Stored data
(* Let $A,B,C\in\mathbb R$ and $a,b,c\ge0$ with $\min\{a+b,b+c,c+a\}>1/2$ and $a+b+c>1$. Then for all measurable $f,g$ on $\mathbb R$, $$\big\|\langle\cdot+A\rangle^{-a}(f*g)\big\|_{L^1(\mathbb R)}\le K\,\|\langle\cdot+B\rangle^bf\|_{L^2(\mathbb R)}\|\langle\cdot+C\rangle^cg\|_{L^2(\mathbb R)},$$ where $K$ depends only on $a,b,c$ (not on $A,B,C$).
   Context: $\langle x\rangle=(1+|x|^2)^{1/2}$, and $*$ denotes convolution on $\mathbb R$. *)

theory Defs
  imports "HOL-Analysis.Analysis"
begin

definition jbr :: "real \<Rightarrow> real" where
  "jbr x = sqrt (1 + x\<^sup>2)"

text \<open>Convolution on the real line (Lebesgue/Bochner integral; value 0 where the
  defining integral does not converge absolutely).\<close>
definition conv :: "(real \<Rightarrow> complex) \<Rightarrow> (real \<Rightarrow> complex) \<Rightarrow> real \<Rightarrow> complex" where
  "conv f g x = (LINT y|lebesgue. f y * g (x - y))"

definition L1norm :: "(real \<Rightarrow> complex) \<Rightarrow> ennreal" where
  "L1norm h = (\<integral>\<^sup>+ x. ennreal (cmod (h x)) \<partial>lebesgue)"

definition L2norm :: "(real \<Rightarrow> complex) \<Rightarrow> ennreal" where
  "L2norm h = (let I = (\<integral>\<^sup>+ x. ennreal ((cmod (h x))\<^sup>2) \<partial>lebesgue)
               in if I = \<infinity> then \<infinity> else ennreal (sqrt (enn2real I)))"

end

theory Submission
  imports Defs
begin

(* Write w_s(t) = <t>^(-s).  With F = <.+B>^b |f| and G = <.+C>^c |g| one has
     ||<.+A>^(-a) (f*g)||_1 <= INT x INT y F(y) G(x-y) w_a(x+A) w_b(y+B) w_c(x-y+C).
   The heart of the proof is an elementary inequality for X, Y, Z >= 1: the
   product Z^(-a) X^(-b) Y^(-c) is bounded by a sum of three products of two
   powers, each exponent > 1/2 (the exponent of the largest of X, Y, Z is
   transferred onto the two others).  Applied to X = <y+B>, Y = <x-y+C>,
   Z = <x+A>, it splits the weight into three terms each involving only two of
   the three brackets; each such term is bounded by Fubini, translation
   invariance of Lebesgue measure and the Cauchy-Schwarz inequality, using that
   w_p is square integrable for p > 1/2.  The constant obtained is the sum of
   products of the L^2 norms of the weights, hence independent of A, B, C.
   All estimates are carried out for nonnegative extended-real integrals over
   Borel functions; Lebesgue measurable f, g are replaced by Borel versions. *)

definition ennsqrt :: "ennreal \<Rightarrow> ennreal" where
  "ennsqrt I = (if I = \<infinity> then \<infinity> else ennreal (sqrt (enn2real I)))"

**About this task**
Starting at the first line of the entries above, please extract each line up to and including the line with "product Z^(-a) X^(-b)", unchanged, and add nothing.

**Answer area**
(* Let $A,B,C\in\mathbb R$ and $a,b,c\ge0$ with $\min\{a+b,b+c,c+a\}>1/2$ and $a+b+c>1$. Then for all measurable $f,g$ on $\mathbb R$, $$\big\|\langle\cdot+A\rangle^{-a}(f*g)\big\|_{L^1(\mathbb R)}\le K\,\|\langle\cdot+B\rangle^bf\|_{L^2(\mathbb R)}\|\langle\cdot+C\rangle^cg\|_{L^2(\mathbb R)},$$ where $K$ depends only on $a,b,c$ (not on $A,B,C$).
   Context: $\langle x\rangle=(1+|x|^2)^{1/2}$, and $*$ denotes convolution on $\mathbb R$. *)

theory Defs
  imports "HOL-Analysis.Analysis"
begin

definition jbr :: "real \<Rightarrow> real" where
  "jbr x = sqrt (1 + x\<^sup>2)"

text \<open>Convolution on the real line (Lebesgue/Bochner integral; value 0 where the
  defining integral does not converge absolutely).\<close>
definition conv :: "(real \<Rightarrow> complex) \<Rightarrow> (real \<Rightarrow> complex) \<Rightarrow> real \<Rightarrow> complex" where
  "conv f g x = (LINT y|lebesgue. f y * g (x - y))"

definition L1norm :: "(real \<Rightarrow> complex) \<Rightarrow> ennreal" where
  "L1norm h = (\<integral>\<^sup>+ x. ennreal (cmod (h x)) \<partial>lebesgue)"

definition L2norm :: "(real \<Rightarrow> complex) \<Rightarrow> ennreal" where
  "L2norm h = (let I = (\<integral>\<^sup>+ x. ennreal ((cmod (h x))\<^sup>2) \<partial>lebesgue)
               in if I = \<infinity> then \<infinity> else ennreal (sqrt (enn2real I)))"

end

theory Submission
  imports Defs
begin

(* Write w_s(t) = <t>^(-s).  With F = <.+B>^b |f| and G = <.+C>^c |g| one has
     ||<.+A>^(-a) (f*g)||_1 <= INT x INT y F(y) G(x-y) w_a(x+A) w_b(y+B) w_c(x-y+C).
   The heart of the proof is an elementary inequality for X, Y, Z >= 1: the
   product Z^(-a) X^(-b) Y^(-c) is bounded by a sum of three products of two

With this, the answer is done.